For crickets, remember, crickets can't scale the face of a smooth plastic cup, but Creos can. So, with a little design work, you can have space for the crickets at the bottom to hide, and opportunities for the creos to adventure down to pick them off. This works well with considerably smaller crickets.

If using deli cups, consider Humidity Foam at the bottom. A good drenching sould last you 3 or 4 days, assuming they aren't baking under a heat lamp. If you DO use heat lamps, put them on a timer.

But, if possible, skip all this and just find a good bug-sitter.


----------



## Mantiskid (Jan 1, 2012)

Thanks for all the help. I ended up just leaving some FFs in each enclosure, which worked out fine.However, I did find a lot of dead flies in the containers when I came back from vacation. Any suggestions for keeping the flies alive longer?


----------



## twolfe (Jan 1, 2012)

Did you put a culture in the enclosure or just the flies? How long were you gone?

I create smaller cultures for when I'm going out of town. Instead of leaving the lid off, I cut a small hole in the cloth lid so that the flies can come and go. I create them in advance so that I have larvae, pupae and flies in the cultures so that more flies will hatch while I'm away.


----------



## Mantiskid (Jan 3, 2012)

Tammy Wolfe said:


> Did you put a culture in the enclosure or just the flies? How long were you gone?

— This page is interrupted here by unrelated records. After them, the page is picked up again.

(* If the infected hosts or the infected vectors had limsup 0, then both would tend to 0,
   since each is driven linearly by the other. The susceptibles and the vector population
   would then approach the disease-free values, and near them the infected compartments satisfy
   I_h' >= a I_v(t - tau) - mu_h I_h and I_v' >= b I_h - mu_v I_v with a b > mu_h mu_v, because
   a b tends to C_vh C_hv beta_h / mu_h = R_0^2 mu_h mu_v. For such a pair the functional
   I_h + (mu_h / b) I_v + a * (integral of I_v over [t - tau, t]) is nondecreasing and positive,
   contradicting the decay. The susceptibles persist because their inflow is bounded away
   from zero. *)
theory Submission
  imports Defs "HOL-Real_Asymp.Real_Asymp"
begin

section \<open>Linear differential inequalities\<close>

lemma exp_weighted_increasing:
  fixes x x' :: "real \<Rightarrow> real"
  assumes "T \<le> u" "continuous_on {T..u} x"
    and "\<And>t. T < t \<Longrightarrow> t < u \<Longrightarrow> (x has_real_derivative x' t) (at t)"
    and "\<And>t. T < t \<Longrightarrow> t < u \<Longrightarrow> x' t + a * x t \<ge> 0"
  shows "x T * exp (a * T) \<le> x u * exp (a * u)"
proof (rule DERIV_nonneg_imp_increasing_open[OF assms(1)])
  fix t assume t: "T < t" "t < u"
  have "((\<lambda>t. x t * exp (a * t)) has_real_derivative exp (a * t) * (x' t + a * x t)) (at t)"
    by (auto intro!: derivative_eq_intros assms(3)[OF t] simp: algebra_simps)
  then show "\<exists>y. ((\<lambda>t. x t * exp (a * t)) has_real_derivative y) (at t) \<and> 0 \<le> y"
    using assms(4)[OF t] by force
qed (intro continuous_intros assms(2))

We were gone for about 3-4 days.And no, I didn't put a culture in the containers.I don't think I could fit one in the enclosures, either, because I'm keeping the Mantids in deli cups.

P.S. What is the "recipe" for the stuff that you put in the Fruit Fly cultures?


----------



## twolfe (Jan 3, 2012)

http://mantidforum.net/forums/index.php?showtopic=7715&amp;st=0

Here's a link to a discussion on ingredients. I use both commercial mixes and make my own.

The full established cultures I add are to the net enclosures. However, I do add little sample cups with some food for the fruit flies in them for shorter trips. I make a small hole in the lid for the flies to go in and out. It works well unless they are under a heat lamp. Then they often dry out too fast.


----------